World shares reached three-month highs as a closely watched survey of service sector activity in China recovered to preepidemic levels in May.
Commodity-based currencies, such as the Canadian dollar, “have tended to rally recently with just a better outlook of increased growth coming out of the lockdowns,” said Darcy Briggs, a portfolio manager at Franklin Templeton Canada.
The price of oil, one of Canada’s major exports, fell after touching its highest since March as doubts emerged about the timing and scale of a potential extension to the oil supply pact between major producers. U.S. crude oil futures fell 0.2 per cent to trade at $36.75 a barrel.

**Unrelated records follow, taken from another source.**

lemma kernel_product_sum_eq_1:
  assumes "finite R" "acyclic E" "\<forall>v\<in>R. pa E v \<subseteq> R \<union> F" "\<forall>w\<in>F. z w \<in> D w"
    and "stochastic_kernels D R E k"
  shows "(\<Sum>y\<in>asg D R. kernel_product E R k (join R y z)) = 1"
  using assms(1,3,5)
proof (induction R rule: finite_remove_induct)
  case empty
  then show ?case by (simp add: asg_def kernel_product_def)
next
  case (remove A)
  obtain x where x: "x \<in> A" and sink: "\<forall>v\<in>A. (x, v) \<notin> E"
    using finite_acyclic_obtain_sink[OF remove(1) assms(2) remove(2)] by blast
  have not_pa: "\<forall>v\<in>A. x \<notin> pa E v" using sink by (auto simp: pa_def)
  have pa_rest: "\<forall>v\<in>A - {x}. pa E v \<subseteq> A - {x} \<union> F" and pa_x: "pa E x \<subseteq> A - {x} \<union> F"
    using remove(5) not_pa x by auto
  have "(\<Sum>y\<in>asg D A. kernel_product E A k (join A y z))
      = (\<Sum>y\<in>asg D (A - {x}). \<Sum>w\<in>asg D {x}. kernel_product E A k (join A (join (A - {x}) y w) z))"
    using sum_asg_union[of "A - {x}" "{x}"] x by (simp add: insert_absorb)
  also have "\<dots> = (\<Sum>y\<in>asg D (A - {x}). kernel_product E (A - {x}) k (join (A - {x}) y z))"
    using kernel_product_sum_out_sink[OF remove(1) x not_pa pa_x assms(4) remove(6)] by simp
  also have "\<dots> = 1"
    using remove(4)[OF x pa_rest] stochastic_kernels_mono[OF remove(6)] by blast
  finally show ?case .
qed

lemma BN_iff_kernels:
  assumes "finite R" "acyclic E" "\<forall>v\<in>R. pa E v \<subseteq> R \<union> F"
  shows "q \<in> BN D R F E \<longleftrightarrow>
    (\<exists>k. stochastic_kernels D R E k \<and> (\<forall>z\<in>asg D (R \<union> F). q z = kernel_product E R k z))"
proof
  assume "\<exists>k. stochastic_kernels D R E k \<and> (\<forall>z\<in>asg D (R \<union> F). q z = kernel_product E R k z)"
  then obtain k where k: "stochastic_kernels D R E k"
    and q: "\<forall>z\<in>asg D (R \<union> F). q z = kernel_product E R k z" by blast
  have "is_dist D R (\<lambda>x. q (join R x y))" if y: "y \<in> asg D F" for y
    unfolding is_dist_def
  proof
    show "\<forall>x\<in>asg D R. 0 \<le> q (join R x y)"
      using q asg_join[OF _ y] assms(3) by (auto intro!: kernel_product_nonneg[OF k])
    have "(\<Sum>x\<in>asg D R. q (join R x y)) = (\<Sum>x\<in>asg D R. kernel_product E R k (join R x y))"
      using q asg_join[OF _ y] by (intro sum.cong) auto
    also have "\<dots> = 1"
      using assms y k by (intro kernel_product_sum_eq_1) (auto intro: asg_in_domain)
    finally show "(\<Sum>x\<in>asg D R. q (join R x y)) = 1" .
  qed
  with k q show "q \<in> BN D R F E" unfolding BN_eq is_cond_dist_def by blast
qed (auto simp: BN_eq)

lemma cond_model_intro:
  assumes "p \<in> M" "A \<inter> S = {}" "s \<in> asg D S" "(\<Sum>a\<in>asg D A. q a) = 1" "0 < m"
    and "\<forall>a\<in>asg D A. p (join A a s) = m * q a"
  shows "q \<in> cond_model D A S M s"
proof -
  have "marg D (A \<union> S) S p s = (\<Sum>a\<in>asg D A. m * q a)"
    using assms(6) by (simp add: marg_at[OF assms(2,3)])
  also have "\<dots> = m" using assms(4) by (simp add: sum_distrib_left[symmetric])
  finally show ?thesis
    using assms unfolding cond_model_def by auto
qed

locale selection_bn =
  fixes D :: "'v \<Rightarrow> 'a set" and Ob S :: "'v set" and E :: "('v \<times> 'v) set"
    and s_hat :: "'v \<Rightarrow> 'a" and P :: "('v \<Rightarrow> 'a) \<Rightarrow> real"
  assumes finite_nodes: "finite (Ob \<union> S)"
    and disjoint: "Ob \<inter> S = {}"
    and s_hat: "s_hat \<in> asg D S"
    and edges: "E \<subseteq> (Ob \<union> S) \<times> (Ob \<union> S)"
    and dag: "acyclic E"
    and S_childless: "\<forall>(u, w)\<in>E. u \<notin> S"
    and P_dist: "is_dist D Ob P"
    and P_pos: "\<forall>x\<in>asg D (an (Ob \<union> S) E S - S). 0 < marg D Ob (an (Ob \<union> S) E S - S) P x"
begin

abbreviation X where "X \<equiv> an (Ob \<union> S) E S"
abbreviation Y where "Y \<equiv> Ob - X"
abbreviation E1 where "E1 \<equiv> E \<inter> (X \<times> X)"
abbreviation E2 where "E2 \<equiv> E \<inter> ((Y \<union> (X - S)) \<times> Y)"
abbreviation P1 where "P1 \<equiv> marg D Ob (X - S) P"
abbreviation P2 where "P2 \<equiv> \<lambda>z. P z / P1 (restrict z (X - S))"

lemma S_subset_X: "S \<subseteq> X"
  unfolding an_def by auto

lemma X_subset_nodes: "X \<subseteq> Ob \<union> S"
  unfolding an_def by auto

lemma Y_union_X_minus_S: "Y \<union> (X - S) = Ob"
  using X_subset_nodes disjoint by auto

lemma X_union_Y: "X \<union> Y = Ob \<union> S"
  using X_subset_nodes S_subset_X by auto

lemma finite_X: "finite X" and finite_Y: "finite Y"
  using finite_nodes X_subset_nodes finite_subset by auto

lemma pa_X_subset: "v \<in> X \<Longrightarrow> pa E v \<subseteq> X"
proof
  fix u assume v: "v \<in> X" and "u \<in> pa E v"
  then have uv: "(u, v) \<in> E" by (simp add: pa_def)
  from v obtain s where "s \<in> S" and "(v, s) \<in> E\<^sup>*" unfolding an_def by blast
  moreover have "(u, s) \<in> E\<^sup>*" using uv \<open>(v, s) \<in> E\<^sup>*\<close> by (rule converse_rtrancl_into_rtrancl)
  moreover have "u \<in> Ob \<union> S" using uv edges by blast
  ultimately show "u \<in> X" unfolding an_def by blast
qed

lemma pa_Y_subset: "v \<in> Y \<Longrightarrow> pa E v \<subseteq> Ob"
  using edges S_childless unfolding pa_def by auto

lemma pa_E1: "v \<in> X \<Longrightarrow> pa E1 v = pa E v"
  using pa_X_subset unfolding pa_def by auto

lemma pa_E2: "v \<in> Y \<Longrightarrow> pa E2 v = pa E v"
  using pa_Y_subset Y_union_X_minus_S unfolding pa_def by auto

lemma acyclic_E1: "acyclic E1" and acyclic_E2: "acyclic E2"
  by (rule acyclic_subset[OF dag], blast)+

The Canadian dollar was trading 0.2 per cent higher at 1.3487 to the greenback, or 74.14 U.S. cents. The currency touched its strongest intraday level since March 9 at 1.3476. It has rallied nearly 9 per cent since hitting a four-year low in March.
Canadian labour productivity rose 3.4 per cent in the first quarter, the largest quarterly increase recorded, as hours worked fell faster than business output, Statistics Canada said. Canada’s jobs report for May is due on Friday.
Canadian government bond yields rose across a steeper yield curve, with the 10-year yield up 6.6 basis points at 0.608 per cent.